# Nikon and Karlo brags!



## Liesje (Mar 4, 2007)

I convinced Jane to show Karlo at a UKC show today (well it was two shows). Karlo got the NLC puppy blue ribbon for both shows and got to be in the Puppy Best in Show for both. Nikon got two blue ribbons for his class (male puppy), two rainbow colored ribbons for Best Male/Female, and one purple and orange ribbon for Best of Winners. LOL, I don't even know what these things mean, but that's what he got! The GSD that won breed in both shows won Best in Show and Reserve Best in Show. Oh, and for the second show, the lady that owned the winning GSD also owned the younger female that beat out Nikon for the breed ring so she asked me to handle her dog. I'd never touched an American line dog, let alone handle one LOL! It didn't really matter since the puppy was not going to win breed.

Me and the Noodle




































Jane and Karlo



























Why did you sign me up for this?


















Karlo's "sit" for exam

















Me and Karlo


















The GSD that won the show and reserve BIS


----------



## VomBlack (May 23, 2009)

Awesome pictures as always.


----------



## onyx'girl (May 18, 2007)

Ha,ha, ha what a day! I am glad to have gotten to experience it, but it is NOT my cup of tea. Spur of the moment & I did absolutely no research or even have been at a conformation type event(other than watching some at the UKC Premier) K even has a dirty nose!
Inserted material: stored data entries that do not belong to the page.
text \<open>After the last time \<open>s \<le> t\<close> at which \<open>X\<close> is below the bound, the solution stays above the
  stationary value \<open>-B\<^sup>2 / (2 A)\<close>, where its derivative is non-positive whatever the gain; hence
  \<open>X t \<le> X s\<close>.\<close>
lemma riccati_solution_bounded:
  assumes ric: "riccati_solution_scalar A B \<Sigma>0 C X" and A: "A < 0" and t: "t \<ge> 0"
  shows "X t \<le> max \<Sigma>0 (-(B * B) / (2 * A))"
proof (rule ccontr)
  define M where "M = max \<Sigma>0 (-(B * B) / (2 * A))"
  assume "\<not> X t \<le> max \<Sigma>0 (-(B * B) / (2 * A))"
  then have XtM: "X t > M" unfolding M_def by linarith
  note X = riccati_solution_scalarD[OF ric]
  define S where "S = {0..t} \<inter> X -` {..M}"
  define s where "s = Sup S"
  have "closed S" unfolding S_def using X(3)[OF t] by (intro continuous_closed_preimage) auto
  moreover have "0 \<in> S" using t X(4) by (simp add: S_def M_def)
  moreover have bdd: "bdd_above S" unfolding S_def by (rule bdd_aboveI[of _ t]) auto
  ultimately have "s \<in> S" unfolding s_def by (intro closed_contains_Sup) auto
  then have s: "0 \<le> s" "s \<le> t" "X s \<le> M" by (auto simp: S_def)
  have above: "X u > M" if "s < u" "u \<le> t" for u
  proof (rule ccontr)
    assume "\<not> X u > M"
    then have "u \<in> S" using that s by (auto simp: S_def)
    then have "u \<le> s" unfolding s_def using bdd by (rule cSup_upper)
    then show False using that by simp
  qed
  have "ennreal (X t - X s) \<le> (\<integral>\<^sup>+u\<in>{s..t}. ennreal 0 \<partial>lborel)"
  proof (rule abs_continuous_increment_le_nn_integral[OF s(2)])
    show "abs_continuous_on_interval s t X"
      using abs_continuous_on_interval_subinterval[OF X(2)[OF t], of s t] s by simp
    have pointwise: "u \<in> {s..t} \<longrightarrow> (\<exists>d. (X has_real_derivative d) (at u within {s..t}) \<and> d \<le> 0)"
      if der: "u \<ge> 0 \<longrightarrow>
          (X has_real_derivative (A * X u + X u * A - X u * C u * C u * X u + B * B)) (at u)"
        and "u \<noteq> s" for u
    proof
      assume u: "u \<in> {s..t}"
      then have "-(B * B) / (2 * A) \<le> X u" using above[of u] \<open>u \<noteq> s\<close> by (auto simp: M_def)
      then have "A * X u + X u * A - X u * C u * C u * X u + B * B \<le> 0"
        by (rule riccati_rhs_nonpos[OF A])
      moreover have "(X has_real_derivative (A * X u + X u * A - X u * C u * C u * X u + B * B))
          (at u within {s..t})"
        using der u s by (auto intro: has_field_derivative_at_within)
      ultimately show "\<exists>d. (X has_real_derivative d) (at u within {s..t}) \<and> d \<le> 0" by blast
    qed
    show "AE u in lborel. u \<in> {s..t} \<longrightarrow>
        (\<exists>d. (X has_real_derivative d) (at u within {s..t}) \<and> d \<le> 0)"
      using X(6) AE_lborel_singleton[of s] by eventually_elim (use pointwise in blast)
  qed auto
  then show False using s XtM by (simp add: ennreal_eq_0_iff)
qed

lemma abs_ln_diff_le:
  fixes x y m :: real
  assumes "m > 0" "x \<ge> m" "y \<ge> m"
  shows "\<bar>ln x - ln y\<bar> \<le> \<bar>x - y\<bar> / m"
proof -
  have half: "ln x - ln y \<le> \<bar>x - y\<bar> / m" if "x \<ge> m" "y \<ge> m" for x y
  proof -
    have xy: "x > 0" "y > 0" using that assms(1) by auto
    have "ln x - ln y = ln (x / y)" using xy by (simp add: ln_div)
    also have "\<dots> \<le> x / y - 1" using xy by (intro ln_le_minus_one) auto
    also have "\<dots> = (x - y) / y" using xy by (simp add: field_simps)
    also have "\<dots> \<le> \<bar>x - y\<bar> / m" using xy that assms(1) by (intro frac_le) auto
    finally show ?thesis .
  qed
  show ?thesis using half[of x y] half[of y x] assms by (auto simp: abs_le_iff abs_minus_commute)
qed

lemma integral_inverse_increment_bounds:
  fixes X :: "real \<Rightarrow> real"
  assumes X: "continuous_on {0..T} X" "\<And>u. u \<in> {0..T} \<Longrightarrow> m \<le> X u" and m: "m > 0"
    and cd: "0 \<le> c" "c \<le> d" "d \<le> T"
  shows "0 \<le> integral {0..d} (\<lambda>s. 1 / X s) - integral {0..c} (\<lambda>s. 1 / X s)"
    "integral {0..d} (\<lambda>s. 1 / X s) - integral {0..c} (\<lambda>s. 1 / X s) \<le> (d - c) / m"
proof -
  have X0: "X u > 0" if "u \<in> {0..T}" for u using X(2)[OF that] m by simp
  have "(\<lambda>s. 1 / X s) integrable_on {0..T}"
    using X X0 by (intro integrable_continuous_interval continuous_intros) force+
  then have int: "(\<lambda>s. 1 / X s) integrable_on {0..d}" "(\<lambda>s. 1 / X s) integrable_on {c..d}"
    using cd by (auto intro: integrable_on_subinterval)
  have eq: "integral {0..d} (\<lambda>s. 1 / X s) - integral {0..c} (\<lambda>s. 1 / X s) = integral {c..d} (\<lambda>s. 1 / X s)"
    using Henstock_Kurzweil_Integration.integral_combine[OF cd(1,2) int(1)] by simp
  show "0 \<le> integral {0..d} (\<lambda>s. 1 / X s) - integral {0..c} (\<lambda>s. 1 / X s)"
    unfolding eq using int cd X0 by (intro integral_nonneg) (auto simp: less_imp_le)
  have "integral {c..d} (\<lambda>s. 1 / X s) \<le> integral {c..d} (\<lambda>s. 1 / m)"
    using int cd X m by (intro integral_le frac_le) auto
  then show "integral {0..d} (\<lambda>s. 1 / X s) - integral {0..c} (\<lambda>s. 1 / X s) \<le> (d - c) / m"
    unfolding eq using cd by simp
qed

text \<open>Along a solution the derivative of this potential is \<open>C\<^sup>2 X\<close>, the integrand of the rate.\<close>
definition riccati_potential :: "real \<Rightarrow> real \<Rightarrow> (real \<Rightarrow> real) \<Rightarrow> real \<Rightarrow> real" where
  "riccati_potential A B X u = - ln (X u) + 2 * A * u + B * B * integral {0..u} (\<lambda>s. 1 / X s)"

lemma riccati_potential_abs_continuous:
  assumes ric: "riccati_solution_scalar A B \<Sigma>0 C X" and T: "T \<ge> 0"
  shows "abs_continuous_on_interval 0 T (riccati_potential A B X)"
proof -
  note X = riccati_solution_scalarD[OF ric]
  obtain x0 where x0: "x0 \<in> {0..T}" "\<And>u. u \<in> {0..T} \<Longrightarrow> X x0 \<le> X u"
    using continuous_attains_inf[OF compact_Icc _ X(3)[OF T]] T by auto
  define m where "m = X x0"
  have m: "m > 0" "\<And>u. u \<in> {0..T} \<Longrightarrow> m \<le> X u" using X(5) x0 by (auto simp: m_def)
  define L where "L = max (1 / m) (2 * \<bar>A\<bar> + B * B / m)"
  have L: "L \<ge> 0" using m by (simp add: L_def le_max_iff_disj)
  show ?thesis
  proof (rule abs_continuous_on_interval_dominated[OF X(2)[OF T] L])
    fix c d assume cd: "0 \<le> c" "c \<le> d" "d \<le> T"
    define J where "J = integral {0..d} (\<lambda>s. 1 / X s) - integral {0..c} (\<lambda>s. 1 / X s)"
    have J: "0 \<le> J" "J \<le> (d - c) / m"
      using integral_inverse_increment_bounds[OF X(3)[OF T] m(2) m(1) cd] by (simp_all add: J_def)
    have "\<bar>riccati_potential A B X d - riccati_potential A B X c\<bar>
        = \<bar>- (ln (X d) - ln (X c)) + 2 * A * (d - c) + B * B * J\<bar>"
      by (simp add: riccati_potential_def J_def algebra_simps)
    also have "\<dots> \<le> \<bar>ln (X d) - ln (X c)\<bar> + 2 * \<bar>A\<bar> * (d - c) + B * B * J"
      using cd J by (simp add: abs_mult abs_triangle_ineq order.trans[OF abs_triangle_ineq add_mono])
    also have "\<dots> \<le> \<bar>X d - X c\<bar> / m + 2 * \<bar>A\<bar> * (d - c) + B * B * ((d - c) / m)"
      using m cd J by (intro add_mono abs_ln_diff_le mult_left_mono) auto
    also have "\<dots> = (1 / m) * \<bar>X d - X c\<bar> + (2 * \<bar>A\<bar> + B * B / m) * (d - c)"
      by (simp add: algebra_simps)
    also have "\<dots> \<le> L * \<bar>X d - X c\<bar> + L * (d - c)"
      using cd by (intro add_mono mult_right_mono) (auto simp: L_def)
    finally show "\<bar>riccati_potential A B X d - riccati_potential A B X c\<bar>
        \<le> L * \<bar>X d - X c\<bar> + L * (d - c)" .
  qed
qed
lemma decrease_step_le:
  assumes "even n" "2 \<le> n" "3 < eps" "run_invariant n u ((taus, Hs), False)"
    "\<forall>j<n. Suc (length (Hs ! j)) < 2 ^ Suc K"
  shows "(\<integral>\<^sup>+s. indicator {s. snd s} s \<partial>sig_cga_step n eps (taus, Hs))
    \<le> potential_sum n eps K ((taus, Hs), False)"
proof -
  define \<beta> where "\<beta> = ennreal (real n powr (- eps / 3))"
  define P where "P j m = potential j (chernoff_lambda n eps (2^m)) (2^m - 1) ((taus, Hs), False)"
    for j m :: nat
  define E where "E j m z = ennreal (exp_mart (chernoff_lambda n eps (2^m) (taus ! j)) (taus ! j) [z ! j] 1)"
    for j m :: nat and z :: "bool list"
  have "indicator {s. snd s} (step_result n eps taus Hs z) \<le> (\<Sum>j<n. \<Sum>m\<in>{1..K}. \<beta> * P j m * E j m z)"
    for z
  proof (cases "snd (step_result n eps taus Hs z)")
    case True
    then obtain j m where "j < n" "m \<in> {1..K}" "1 \<le> \<beta> * P j m * E j m z"
      using decrease_imp_potential_ge_1[OF assms(2-5)] unfolding \<beta>_def P_def E_def by blast
    note \<open>1 \<le> \<beta> * P j m * E j m z\<close>
    also have "\<beta> * P j m * E j m z \<le> (\<Sum>m\<in>{1..K}. \<beta> * P j m * E j m z)"
      using \<open>m \<in> {1..K}\<close> by (intro member_le_sum) auto
    also have "\<dots> \<le> (\<Sum>j<n. \<Sum>m\<in>{1..K}. \<beta> * P j m * E j m z)"
      using \<open>j < n\<close> by (intro member_le_sum) auto
    finally show ?thesis using True by simp
  qed simp
  then have "(\<integral>\<^sup>+s. indicator {s. snd s} s \<partial>sig_cga_step n eps (taus, Hs))
      \<le> (\<integral>\<^sup>+z. (\<Sum>j<n. \<Sum>m\<in>{1..K}. \<beta> * P j m * E j m z) \<partial>winner_pmf n taus)"
    unfolding sig_cga_step_eq nn_integral_map_pmf by (intro nn_integral_mono)
  also have "\<dots> = (\<Sum>j<n. \<Sum>m\<in>{1..K}. \<beta> * P j m * (\<integral>\<^sup>+z. E j m z \<partial>winner_pmf n taus))"
    by (simp add: nn_integral_sum nn_integral_cmult E_def)
  also have "\<dots> \<le> (\<Sum>j<n. \<Sum>m\<in>{1..K}. \<beta> * P j m * 1)"
    unfolding E_def using assms(1) run_invariant_frequencies_set[OF assms(4,2)]
    by (intro sum_mono mult_left_mono nn_integral_exp_mart_winner_le_1 chernoff_lambda_nonneg) auto
  finally show ?thesis unfolding \<beta>_def P_def potential_sum_def by simp
qed

lemma nn_integral_decrease_step_le:
  assumes "even n" "2 \<le> n" "3 < eps" "run_invariant n u ((taus, Hs), d)" "Suc u < 2 ^ Suc K"
  shows "(\<integral>\<^sup>+s. indicator {s. snd s} (fst s, d \<or> snd s) \<partial>sig_cga_step n eps (taus, Hs))
    \<le> indicator {s. snd s} ((taus, Hs), d) + potential_sum n eps K ((taus, Hs), d)"
proof (cases d)
  case False
  have "\<forall>j<n. Suc (length (Hs ! j)) < 2 ^ Suc K"
    using assms(4,5) unfolding run_invariant_def by fastforce
  with False show ?thesis
    using decrease_step_le[OF assms(1-3)] assms(4) by (simp add: indicator_def)
qed simp

lemma nn_integral_potential_sum_le:
  assumes "even n" "2 \<le> n"
  shows "(\<integral>\<^sup>+s. potential_sum n eps K s \<partial>sig_cga_run n eps u)
    \<le> ennreal (real n * real K * real n powr (- eps / 3))"
proof -
  have "(\<integral>\<^sup>+s. potential_sum n eps K s \<partial>sig_cga_run n eps u) =
      (\<Sum>j<n. \<Sum>m\<in>{1..K}. ennreal (real n powr (- eps / 3)) *
         (\<integral>\<^sup>+s. potential j (chernoff_lambda n eps (2^m)) (2^m - 1) s \<partial>sig_cga_run n eps u))"
    unfolding potential_sum_def by (simp add: nn_integral_sum nn_integral_cmult)
  also have "\<dots> \<le> (\<Sum>j<n. \<Sum>m\<in>{1..K}. ennreal (real n powr (- eps / 3)) * 1)"
    using assms
    by (intro sum_mono mult_left_mono nn_integral_potential_le_1 chernoff_lambda_nonneg allI) auto
  also have "\<dots> = ennreal (real n * real K * real n powr (- eps / 3))"
    by (simp add: ennreal_of_nat_eq_real_of_nat ennreal_mult mult.assoc)
  finally show ?thesis .
qed

lemma nn_integral_decrease_sig_cga_run_le:
  assumes "even n" "2 \<le> n" "3 < eps" "u < 2 ^ Suc K"
  shows "(\<integral>\<^sup>+s. indicator {s. snd s} s \<partial>sig_cga_run n eps u)
    \<le> ennreal (real u * (real n * real K * real n powr (- eps / 3)))"
  using assms(4)
proof (induction u)
  case (Suc u)
  define c where "c = real n * real K * real n powr (- eps / 3)"
  have "(\<integral>\<^sup>+s. indicator {s. snd s} s \<partial>sig_cga_run n eps (Suc u))
      \<le> (\<integral>\<^sup>+x. indicator {s. snd s} x + potential_sum n eps K x \<partial>sig_cga_run n eps u)"
    unfolding nn_integral_sig_cga_run_Suc
  proof (intro nn_integral_mono_AE AE_pmfI)
    fix x assume "x \<in> set_pmf (sig_cga_run n eps u)"
    then have "run_invariant n u x" by (rule run_invariant_sig_cga_run[OF assms(2)])
    then show "(\<integral>\<^sup>+s. indicator {s. snd s} (fst s, snd x \<or> snd s) \<partial>sig_cga_step n eps (fst x))
        \<le> indicator {s. snd s} x + potential_sum n eps K x"
      using nn_integral_decrease_step_le[OF assms(1-3) _ Suc.prems] by (cases x) auto
  qed
  also have "\<dots> \<le> ennreal (real u * c) + ennreal c"
    using Suc nn_integral_potential_sum_le[OF assms(1,2)] unfolding c_def
    by (simp add: nn_integral_add add_mono)
  also have "\<dots> = ennreal (real (Suc u) * c)"
    using c_def by (simp add: ennreal_plus[symmetric] algebra_simps del: ennreal_plus)
  finally show ?case unfolding c_def .
qed simp
(* Let $\beta\ge \tfrac12$ and $R>0$, and fix any distribution of the censoring pair $(L,U)$ with $\mathbb P(L\neq U)=1$. Then there is a constant $c>0$ depending only on $\beta$ and $R$ such that \[ \liminf_{n\to\infty}\ \inf_{\hat f}\ \sup_{f\in W(\beta,R)}\ \mathbb E_f\!\left(n^{\frac{2\beta}{2\beta+1}}\,\|\hat f-f\|_2^2\right)\ \ge\ c, \] where the supremum is over probability densities $f$ on $\mathbb S^1$ belonging to $W(\beta,R)$, $\mathbb E_f$ denotes expectation when $X$ has density $f$, and the infimum is over all estimators $\hat f$, i.e. all measurable functions of the observed sample $(X_1',L_1,U_1),\dots,(X_n',L_n,U_n)$.
   Context: Circle convention: $\mathbb S^1$ is identified with $[0,2\pi)$ (angles taken mod $2\pi$) with anticlockwise orientation. For $x,y\in\mathbb S^1$, the circular interval $[x,y]$ is the set of points met going anticlockwise from $x$ to $y$: it is the usual interval if $x\le y$ and $[x,2\pi)\cup[0,y]$ if $x>y$. Censoring model: $X$ is an $\mathbb S^1$-valued random variable with density $f$ (w.r.t. Lebesgue measure on $[0,2\pi)$); $(L,U)$ is a random pair in $(\mathbb S^1)^2$, independent of $X$, with $L\ne U$ a.s. The triplets $(X_i,L_i,U_i)$, $i=1,\dots,n$, are i.i.d. copies of $(X,L,U)$. Set $\Delta_i=\mathbf 1\{X_i\in[L_i,U_i]\}$ and $X_i'=X_i$ if $\Delta_i=1$, $X_i'=-\pi$ otherwise. The observations are $(X_i',L_i,U_i)_{1\le i\le n}$. $\|g\|_2^2=\int_0^{2\pi}g(x)^2dx$, $\langle g,h\rangle_2=\int_0^{2\pi}gh$. Trigonometric basis of $\mathbb L^2(\mathbb S^1)$: $\varphi_0=1/\sqrt{2\pi}$, and for $j\ge1$, $\varphi_{2j-1}=\pi^{-1/2}\cos(j\cdot)$, $\varphi_{2j}=\pi^{-1/2}\sin(j\cdot)$. Sobolev class: with $\alpha_j=j^\beta$ for even $j$ and $\alpha_j=(j+1)^\beta$ for odd $j$, $W(\beta,R)=\{g\in\mathbb L^2(\mathbb S^1):\ \sum_{j\ge0}\alpha_j^2|\langle g,\varphi_j\rangle_2|^2<R^2/\pi^{2\beta}\}$. *)

theory Defs
  imports "HOL-Probability.Probability"
begin

text \<open>The circle S^1 is identified with [0, 2 pi).\<close>

definition circ :: "real set" where
  "circ = {0..<2*pi}"

text \<open>Anticlockwise circular interval [x,y].\<close>
definition circ_interval :: "real \<Rightarrow> real \<Rightarrow> real set" where
  "circ_interval x y =
     (if x \<le> y then {t \<in> circ. x \<le> t \<and> t \<le> y}
      else {t \<in> circ. x \<le> t} \<union> {t \<in> circ. t \<le> y})"

definition trig_basis :: "nat \<Rightarrow> real \<Rightarrow> real" where
  "trig_basis k x =
     (if k = 0 then 1 / sqrt (2*pi)
      else if odd k then cos (real ((k+1) div 2) * x) / sqrt pi
      else sin (real (k div 2) * x) / sqrt pi)"

definition sob_weight :: "real \<Rightarrow> nat \<Rightarrow> real" where
  "sob_weight \<beta> j = (if even j then real j powr \<beta> else real (j+1) powr \<beta>)"

definition coeff :: "(real \<Rightarrow> real) \<Rightarrow> nat \<Rightarrow> real" where
  "coeff g j = (LINT x:circ|lborel. g x * trig_basis j x)"

definition sobolev :: "real \<Rightarrow> real \<Rightarrow> (real \<Rightarrow> real) set" where
  "sobolev \<beta> R = {g. g \<in> borel_measurable lborel
      \<and> set_integrable lborel circ (\<lambda>x. (g x)\<^sup>2)
      \<and> (\<Sum>j. ennreal ((sob_weight \<beta> j)\<^sup>2 * (coeff g j)\<^sup>2)) < ennreal (R\<^sup>2 / pi powr (2*\<beta>))}"

definition is_density :: "(real \<Rightarrow> real) \<Rightarrow> bool" where
  "is_density f \<longleftrightarrow> f \<in> borel_measurable lborel \<and> (\<forall>x\<in>circ. 0 \<le> f x)
      \<and> (\<integral>\<^sup>+x\<in>circ. ennreal (f x) \<partial>lborel) = 1"

definition censoring_law :: "(real \<times> real) measure \<Rightarrow> bool" where
  "censoring_law Q \<longleftrightarrow> prob_space Q \<and> sets Q = sets borel
      \<and> (AE p in Q. fst p \<in> circ \<and> snd p \<in> circ \<and> fst p \<noteq> snd p)"

definition X_law :: "(real \<Rightarrow> real) \<Rightarrow> real measure" where
  "X_law f = density lborel (\<lambda>x. ennreal (f x) * indicator circ x)"

text \<open>Law of one observation (X', L, U), X independent of (L,U); X' = -pi if censored.\<close>
definition obs_law :: "(real \<times> real) measure \<Rightarrow> (real \<Rightarrow> real) \<Rightarrow> (real \<times> real \<times> real) measure" where
  "obs_law Q f = distr (X_law f \<Otimes>\<^sub>M Q) borel
      (\<lambda>(x, (l, u)). (if x \<in> circ_interval l u then x else -pi, l, u))"

definition sample_law :: "(real \<times> real) measure \<Rightarrow> (real \<Rightarrow> real) \<Rightarrow> nat \<Rightarrow> (nat \<Rightarrow> real \<times> real \<times> real) measure" where
  "sample_law Q f n = PiM {..<n} (\<lambda>_. obs_law Q f)"

definition estimators :: "nat \<Rightarrow> ((nat \<Rightarrow> real \<times> real \<times> real) \<Rightarrow> real \<Rightarrow> real) set" where
  "estimators n = {fh. (\<lambda>(\<omega>, x). fh \<omega> x) \<in>
      borel_measurable (PiM {..<n} (\<lambda>_. (borel :: (real \<times> real \<times> real) measure)) \<Otimes>\<^sub>M lborel)}"

definition risk :: "(real \<times> real) measure \<Rightarrow> nat \<Rightarrow> ((nat \<Rightarrow> real \<times> real \<times> real) \<Rightarrow> real \<Rightarrow> real)
     \<Rightarrow> (real \<Rightarrow> real) \<Rightarrow> ennreal" where
  "risk Q n fh f = (\<integral>\<^sup>+\<omega>. (\<integral>\<^sup>+x\<in>circ. ennreal ((fh \<omega> x - f x)\<^sup>2) \<partial>lborel) \<partial>sample_law Q f n)"

definition minimax_risk :: "real \<Rightarrow> real \<Rightarrow> (real \<times> real) measure \<Rightarrow> nat \<Rightarrow> ennreal" where
  "minimax_risk \<beta> R Q n =
     (INF fh \<in> estimators n. SUP f \<in> {f. is_density f \<and> f \<in> sobolev \<beta> R}. risk Q n fh f)"

end

theory Submission
  imports Defs
begin

text \<open>Censoring only destroys information. The censored sample is the image of the full
  sample \<open>(X\<^sub>i, L\<^sub>i, U\<^sub>i)\<close> under the censoring map, so the risk of an estimator at a
  density \<open>f\<close> is an integral over the full sample against the reference law
  \<open>(uniform \<otimes> Q)\<^sup>n\<close>, weighted by the likelihood ratio \<open>\<Prod>\<^sub>i 2\<pi> f(X\<^sub>i)\<close>, in which \<open>Q\<close>
  no longer appears. Assouad's lemma is then applied to the hypercube of densities
  \<open>f\<^sub>S = 1/(2\<pi>) + \<gamma> \<Sum>\<^bsub>k=1..m\<^esub> \<plusminus>\<phi>\<^sub>k\<close> with \<open>m \<approx> n\<^bsup>1/(2\<beta>+1)\<^esup>\<close> and \<open>\<gamma>\<^sup>2 \<approx> 1/n\<close>: these densities
  lie in \<open>W(\<beta>,R)\<close>, Bessel's inequality bounds the \<open>L\<^sup>2\<close> loss below by the squared error on
  the \<open>m\<close> signs, and the Hellinger affinity of the sample laws at neighbouring vertices is at
  least \<open>(1 - 4\<pi>\<gamma>\<^sup>2)\<^sup>n \<ge> 3/4\<close>. The minimax risk is therefore at least
  \<open>m\<gamma>\<^sup>2/4 \<approx> n\<^bsup>-2\<beta>/(2\<beta>+1)\<^esup>\<close>.\<close>

section \<open>Orthonormality of the trigonometric basis\<close>

lemma set_integral_circ_Icc:
  "(LINT x:circ|lborel. g x) = (LINT x:{0..2*pi}|lborel. (g x :: real))"
  unfolding circ_def
  by (rule set_integral_discrete_difference[where X="{2*pi}"]) auto

lemma set_integral_0_2pi_FTC:
  assumes "\<And>x. (F has_real_derivative f x) (at x)" "continuous_on {0..2*pi} f"
  shows "(LINT x:{0..2*pi}|lborel. f x) = F (2*pi) - F 0"
  unfolding set_lebesgue_integral_def
  by (rule integral_FTC_atLeastAtMost)
     (use assms in \<open>auto simp: has_real_derivative_iff_has_vector_derivative[symmetric]
                         intro: has_field_derivative_at_within\<close>)

lemma set_integrable_0_2pi_continuous:
  fixes f :: "real \<Rightarrow> real"
  shows "continuous_on {0..2*pi} f \<Longrightarrow> set_integrable lborel {0..2*pi} f"
  unfolding set_integrable_def by (rule borel_integrable_compact) auto

lemma set_integral_0_2pi_cos_int:
  fixes m :: int
  shows "(LINT x:{0..2*pi}|lborel. cos (of_int m * x)) = (if m = 0 then 2*pi else 0)"
proof (cases "m = 0")
  case True then show ?thesis by (simp add: set_lebesgue_integral_def)
next
  case False
  have "(LINT x:{0..2*pi}|lborel. cos (of_int m * x))
      = sin (of_int m * (2*pi)) / of_int m - sin (of_int m * 0) / of_int m"
    by (rule set_integral_0_2pi_FTC)
       (use False in \<open>auto intro!: continuous_intros derivative_eq_intros\<close>)
  also have "\<dots> = 0" by (simp only: mult.commute[of "of_int m"] sin_int_2pin) simp
  finally show ?thesis using False by simp
qed

lemma set_integral_0_2pi_sin_int:
  fixes m :: int
  shows "(LINT x:{0..2*pi}|lborel. sin (of_int m * x)) = 0"
proof (cases "m = 0")
  case True then show ?thesis by simp
next
  case False
  have "(LINT x:{0..2*pi}|lborel. sin (of_int m * x))
      = - cos (of_int m * (2*pi)) / of_int m - - cos (of_int m * 0) / of_int m"
    by (rule set_integral_0_2pi_FTC)
       (use False in \<open>auto intro!: continuous_intros derivative_eq_intros\<close>)
  also have "\<dots> = 0" by (simp only: mult.commute[of "of_int m"] cos_int_2pin) simp
  finally show ?thesis .
qed

lemma set_integral_0_2pi_cos_cos:
  fixes p q :: nat
  shows "(LINT x:{0..2*pi}|lborel. cos (real p * x) * cos (real q * x))
       = (if p = q then (if p = 0 then 2*pi else pi) else 0)"
proof -
  have product_to_sum: "cos (real p * x) * cos (real q * x)
      = cos (of_int (int p - int q) * x) / 2 + cos (of_int (int p + int q) * x) / 2" for x
    by (simp add: cos_diff cos_add field_simps)
  have "(LINT x:{0..2*pi}|lborel. cos (real p * x) * cos (real q * x))
      = (LINT x:{0..2*pi}|lborel. cos (of_int (int p - int q) * x)) / 2
        + (LINT x:{0..2*pi}|lborel. cos (of_int (int p + int q) * x)) / 2"
    unfolding product_to_sum
    by (subst set_integral_add) (auto intro!: set_integrable_0_2pi_continuous continuous_intros)
  also have "\<dots> = (if p = q then (if p = 0 then 2*pi else pi) else 0)"
    unfolding set_integral_0_2pi_cos_int by auto
  finally show ?thesis .
qed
I twisted my back first thing when i was getting K to go in his crate,so bending was really painful.
Thanks Lies, for the pointers, if there is a next time, we(I) will do much better, I'm sure. 
Nikon~IMO~ was the better looker in the whole GSD group!


----------



## Liesje (Mar 4, 2007)

LOL, you even got a private lesson from the American line breeder!


----------



## angierose (Apr 20, 2009)

Well, I don't know a thing about showing but congratulations to both of you! Karlo and Nikon both look so very handsome, I love those dark faces.


----------



## MaggieRoseLee (Aug 17, 2001)

Loved the photos and that you entered at all. Good for you for trying a 'new adventure'.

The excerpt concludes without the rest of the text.